=== Exercise description ===
Would you restate word for word the lines of the listing, beginning at the first and ending with the line that holds "fixes f g h"?
<<<<
(* Pairing j with the distinct index -1 - j avoids dividing by 2, so characteristic 2 is allowed. *)
lemma Sum_any_eq_0_if_antisymmetric:
  fixes f :: "int \<Rightarrow> 'a::ab_group_add"
  assumes fin: "finite {j. f j \<noteq> 0}" and antisym: "\<And>j. f (-1 - j) = - f j"
  shows "Sum_any f = 0"
proof -
  define pos where "pos j = (if 0 \<le> j then f j else 0)" for j
  define neg where "neg j = (if j < 0 then f j else 0)" for j
  have fin_pos: "finite {j. pos j \<noteq> 0}" and fin_neg: "finite {j. neg j \<noteq> 0}"
    using fin by (auto simp: pos_def neg_def elim!: rev_finite_subset)
  have "Sum_any f = (\<Sum>j. pos j + neg j)"
    by (rule Sum_any.cong) (simp add: pos_def neg_def)
  also have "\<dots> = Sum_any pos + Sum_any neg"
    by (rule Sum_any.distrib[OF fin_pos fin_neg])
  also have "Sum_any neg = (\<Sum>j. neg (-1 - j))"
    by (rule Sum_any_reflect[symmetric])
  also have "\<dots> = (\<Sum>j. - pos j)"
    by (rule Sum_any.cong) (simp add: pos_def neg_def antisym)
  finally show ?thesis by (simp add: Sum_any_uminus)
qed

lemma Sum_any_add_mult:
  fixes f g :: "'b \<Rightarrow> 'a::semiring_0"
  assumes "finite {j. f j \<noteq> 0}" "finite {j. g j \<noteq> 0}"
  shows "(\<Sum>j. f j + c * g j) = Sum_any f + c * Sum_any g"
proof -
  have "finite {j. c * g j \<noteq> 0}"
    using assms(2) by (auto elim!: rev_finite_subset)
  then show ?thesis
    using assms by (simp add: Sum_any.distrib Sum_any_right_distrib)
qed

lemma Sum_any_add_mult_add:
  fixes f g h :: "'b \<Rightarrow> 'a::semiring_0"
  assumes "finite {j. f j \<noteq> 0}" "finite {j. g j \<noteq> 0}" "finite {j. h j \<noteq> 0}"
  shows "(\<Sum>j. f j + c * g j + h j) = Sum_any f + c * Sum_any g + Sum_any h"
proof -
  have "finite {j. f j + c * g j \<noteq> 0}"
    using assms(1,2) by (auto intro: rev_finite_subset[of "{j. f j \<noteq> 0} \<union> {j. g j \<noteq> 0}"])
  then show ?thesis
    using assms by (simp add: Sum_any.distrib Sum_any_add_mult)
qed

definition bos_exp1 :: "int \<Rightarrow> int" where
  "bos_exp1 j = j * (5 * j + 1) div 2"

definition bos_exp3 :: "int \<Rightarrow> int" where
  "bos_exp3 j = j * (5 * j + 3) div 2"

lemma two_bos_exp1: "2 * bos_exp1 j = j * (5 * j + 1)"
  unfolding bos_exp1_def by (cases "even j") auto

lemma two_bos_exp3: "2 * bos_exp3 j = j * (5 * j + 3)"
  unfolding bos_exp3_def by (cases "even j") auto

lemma bos_exp3_conv_bos_exp1: "bos_exp3 j = bos_exp1 j + j"
  using two_bos_exp1[of j] two_bos_exp3[of j] by (simp add: algebra_simps)

lemma bos_exp1_uminus: "bos_exp1 (- j) = bos_exp1 j - j"
  using two_bos_exp1[of j] two_bos_exp1[of "- j"] by (simp add: algebra_simps)

lemma bos_exp1_reflect: "bos_exp1 (-1 - j) = bos_exp1 j + 4 * j + 2"
  using two_bos_exp1[of j] two_bos_exp1[of "-1 - j"] by (simp add: algebra_simps)

lemma bos_exp3_reflect: "bos_exp3 (-1 - j) = bos_exp3 j + 2 * j + 1"
  using two_bos_exp3[of j] two_bos_exp3[of "-1 - j"] by (simp add: algebra_simps)

lemma bos_exp3_nonneg: "0 \<le> bos_exp3 j"
proof -
  have "0 \<le> j * (5 * j + 3)"
    by (cases "0 \<le> j") (simp_all add: mult_nonpos_nonpos)
  then show ?thesis
    using two_bos_exp3[of j] by linarith
qed

lemma neg_one_power_abs_reflect: "(-1) ^ nat \<bar>-1 - j\<bar> = - ((-1) ^ nat \<bar>j\<bar> :: 'a::ring_1)"
  by (cases "0 \<le> j") (auto simp: minus_one_power_iff even_nat_iff)

locale generic_q =
  fixes q :: "'a::field"
  assumes nonzero [simp]: "q \<noteq> 0"
    and not_root_of_unity: "0 < n \<Longrightarrow> q ^ n \<noteq> 1"
begin

definition qpochhammer :: "nat \<Rightarrow> 'a" where
  "qpochhammer n = (\<Prod>i<n. 1 - q ^ (i + 1))"

definition qbinomial :: "int \<Rightarrow> int \<Rightarrow> 'a" where
  "qbinomial n k = (if 0 \<le> k \<and> k \<le> n
     then qpochhammer (nat n) / (qpochhammer (nat k) * qpochhammer (nat (n - k))) else 0)"

lemma qpochhammer_0 [simp]: "qpochhammer 0 = 1"
  by (simp add: qpochhammer_def)

lemma qpochhammer_Suc: "qpochhammer (Suc n) = qpochhammer n * (1 - q ^ Suc n)"
  by (simp add: qpochhammer_def)

lemma one_minus_power_nonzero: "1 - q ^ Suc n \<noteq> 0"
  using not_root_of_unity[of "Suc n"] by simp

lemma qpochhammer_nonzero: "qpochhammer n \<noteq> 0"
  using one_minus_power_nonzero by (simp add: qpochhammer_def)

lemma qbinomial_eq_0_iff: "qbinomial n k = 0 \<longleftrightarrow> \<not> (0 \<le> k \<and> k \<le> n)"
  by (simp add: qbinomial_def qpochhammer_nonzero)

lemma qbinomial_out_of_range: "\<not> (0 \<le> k \<and> k \<le> n) \<Longrightarrow> qbinomial n k = 0"
  by (simp add: qbinomial_eq_0_iff)

lemma qbinomial_0_right: "0 \<le> n \<Longrightarrow> qbinomial n 0 = 1"
  by (simp add: qbinomial_def qpochhammer_nonzero)

lemma qbinomial_diag: "0 \<le> n \<Longrightarrow> qbinomial n n = 1"
  by (simp add: qbinomial_def qpochhammer_nonzero)

lemma qbinomial_symmetric: "qbinomial n (n - k) = qbinomial n k"
  by (auto simp: qbinomial_def mult.commute)

lemma qbinomial_of_nat:
  "k \<le> n \<Longrightarrow>
    qbinomial (int n) (int k) = qpochhammer n / (qpochhammer k * qpochhammer (n - k))"
  by (simp add: qbinomial_def flip: of_nat_diff)

lemma qbinomial_pascal:
  assumes "n \<noteq> 0 \<or> k \<noteq> 0"
  shows "qbinomial n k = qbinomial (n - 1) (k - 1) + q powi k * qbinomial (n - 1) k"
proof (cases "0 < k \<and> k < n")
  case True
  define a where "a = nat (k - 1)"
  define b where "b = nat (n - k - 1)"
  have n: "n = int (Suc (Suc (a + b)))" and n1: "n - 1 = int (Suc (a + b))"
    and k: "k = int (Suc a)" and k1: "k - 1 = int a"
    using True by (simp_all add: a_def b_def)
  define P u v where "P = qpochhammer (Suc (a + b))" and "u = q ^ Suc a" and "v = q ^ Suc b"
  have nonzero: "qpochhammer a \<noteq> 0" "qpochhammer b \<noteq> 0" "1 - u \<noteq> 0" "1 - v \<noteq> 0"
    using qpochhammer_nonzero one_minus_power_nonzero by (simp_all add: u_def v_def)
  have "qbinomial n k
      = qpochhammer (Suc (Suc (a + b))) / (qpochhammer (Suc a) * qpochhammer (Suc b))"
    unfolding n k by (subst qbinomial_of_nat) simp_all
  also have "\<dots> = P * (1 - u * v) / (qpochhammer a * (1 - u) * (qpochhammer b * (1 - v)))"
    unfolding P_def u_def v_def qpochhammer_Suc[of "Suc (a + b)"] qpochhammer_Suc[of a]
      qpochhammer_Suc[of b]
    by (simp add: mult.assoc flip: power_add)
  also have "\<dots> = P / (qpochhammer a * (qpochhammer b * (1 - v)))
      + u * (P / (qpochhammer a * (1 - u) * qpochhammer b))"
    using nonzero by (simp add: divide_simps) (simp add: algebra_simps)
  also have "\<dots> = qbinomial (n - 1) (k - 1) + q powi k * qbinomial (n - 1) k"
  proof -
    have "qbinomial (n - 1) (k - 1) = P / (qpochhammer a * qpochhammer (Suc b))"
      unfolding n1 k1 P_def by (subst qbinomial_of_nat) simp_all
    moreover have "qbinomial (n - 1) k = P / (qpochhammer (Suc a) * qpochhammer b)"
      unfolding n1 k P_def by (subst qbinomial_of_nat) simp_all
    moreover have "q powi k = u"
      unfolding k u_def by (simp only: power_int_of_nat)
    ultimately show ?thesis
      unfolding u_def v_def by (simp add: qpochhammer_Suc mult.assoc)
  qed
  finally show ?thesis .
next
  case False
  then consider "k < 0" | "n < k" | "k = 0" "n < 0" | "k = 0" "0 < n" | "0 < k" "k = n"
    using assms by linarith
  then show ?thesis
    by cases (simp_all add: qbinomial_out_of_range qbinomial_0_right qbinomial_diag)
qed
(* Assume (P.1) and (P.2) hold. Let $N\in\mathbb N$ and let $\Omega\in\mathscr A$ be $N$-admissible with $\mathfrak m(\Omega)\in(0,+\infty)$. Then $\Lambda_N(\Omega)\le h_N(\Omega)$. If moreover (P.4) and (P.7) hold, then $N\,h_1(\Omega)\le\Lambda_N(\Omega)$; in particular $h_1(\Omega)=\lambda_{1,1}(\Omega)$.
   Context: $(X,\mathscr A,\mathfrak m)$ is a non-negative $\sigma$-finite measure space; for $A,B\in\mathscr A$, "$A\subset B$" means $\mathfrak m(A\setminus B)=0$. $P\colon\mathscr A\to[0,+\infty]$ is a proper functional. (P.1): $P(\emptyset)=0$. (P.2): $P(X)=0$. (P.4): if $\chi_{E_k}\to\chi_E$ in $L^1(X,\mathfrak m)$ then $P(E)\le\liminf_k P(E_k)$. (P.7): $P(E)=P(X\setminus E)$ for all $E\in\mathscr A$. An $N$-cluster is a family $\{\mathcal E(i)\}_{i=1}^N\subset\mathscr A$ with $0<\mathfrak m(\mathcal E(i))<+\infty$, $P(\mathcal E(i))<+\infty$, $\mathfrak m(\mathcal E(i)\cap\mathcal E(j))=0$ for $i\ne j$; $\Omega$ is $N$-admissible if it contains an $N$-cluster; $h_N(\Omega)=\inf\{\sum_{i=1}^N P(\mathcal E(i))/\mathfrak m(\mathcal E(i))\}$ over $N$-clusters in $\Omega$. For $\mathfrak m$-measurable $u$, $\mathrm{Var}(u):=\int_{\mathbb R}P(\{u>t\})\,dt$ if $t\mapsto P(\{u>t\})$ is $\mathscr L^1$-measurable, $+\infty$ otherwise; $BV(X,\mathfrak m)=\{u\in L^1(X,\mathfrak m):\mathrm{Var}(u)<+\infty\}$; $BV_0(\Omega,\mathfrak m)=\{u\in BV(X,\mathfrak m):\int_{X\setminus\Omega}|u|\,d\mathfrak m=0\}$. Define $\Lambda_N(\Omega)=\inf\sum_{i=1}^N \mathrm{Var}(u_i)/\|u_i\|_1$, the infimum over $N$-tuples $(u_1,\dots,u_N)$ with $u_i\in BV_0(\Omega,\mathfrak m)$, $\|u_i\|_1>0$, and pairwise disjoint supports ($\mathfrak m(\{u_i\neq0\}\cap\{u_j\ne0\})=0$ for $i\ne j$). $\lambda_{1,1}(\Omega):=\Lambda_1(\Omega)=\inf\{\mathrm{Var}(u)/\|u\|_1: u\in BV_0(\Omega,\mathfrak m),\ \|u\|_1>0\}$. *)

theory Defs
  imports "HOL-Analysis.Analysis"
begin

text \<open>Standing assumptions on the perimeter-like functional P, defined on the sets of M.
  X is space M; inclusion "A \<subset> B" is understood up to null sets.\<close>

definition proper_functional :: "'a measure \<Rightarrow> ('a set \<Rightarrow> ennreal) \<Rightarrow> bool" where
  "proper_functional M P \<longleftrightarrow> (\<exists>E\<in>sets M. P E < \<infinity>)"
>>>>
=== Response to the task ===
(* Pairing j with the distinct index -1 - j avoids dividing by 2, so characteristic 2 is allowed. *)
lemma Sum_any_eq_0_if_antisymmetric:
  fixes f :: "int \<Rightarrow> 'a::ab_group_add"
  assumes fin: "finite {j. f j \<noteq> 0}" and antisym: "\<And>j. f (-1 - j) = - f j"
  shows "Sum_any f = 0"
proof -
  define pos where "pos j = (if 0 \<le> j then f j else 0)" for j
  define neg where "neg j = (if j < 0 then f j else 0)" for j
  have fin_pos: "finite {j. pos j \<noteq> 0}" and fin_neg: "finite {j. neg j \<noteq> 0}"
    using fin by (auto simp: pos_def neg_def elim!: rev_finite_subset)
  have "Sum_any f = (\<Sum>j. pos j + neg j)"
    by (rule Sum_any.cong) (simp add: pos_def neg_def)
  also have "\<dots> = Sum_any pos + Sum_any neg"
    by (rule Sum_any.distrib[OF fin_pos fin_neg])
  also have "Sum_any neg = (\<Sum>j. neg (-1 - j))"
    by (rule Sum_any_reflect[symmetric])
  also have "\<dots> = (\<Sum>j. - pos j)"
    by (rule Sum_any.cong) (simp add: pos_def neg_def antisym)
  finally show ?thesis by (simp add: Sum_any_uminus)
qed

lemma Sum_any_add_mult:
  fixes f g :: "'b \<Rightarrow> 'a::semiring_0"
  assumes "finite {j. f j \<noteq> 0}" "finite {j. g j \<noteq> 0}"
  shows "(\<Sum>j. f j + c * g j) = Sum_any f + c * Sum_any g"
proof -
  have "finite {j. c * g j \<noteq> 0}"
    using assms(2) by (auto elim!: rev_finite_subset)
  then show ?thesis
    using assms by (simp add: Sum_any.distrib Sum_any_right_distrib)
qed

lemma Sum_any_add_mult_add:
  fixes f g h :: "'b \<Rightarrow> 'a::semiring_0"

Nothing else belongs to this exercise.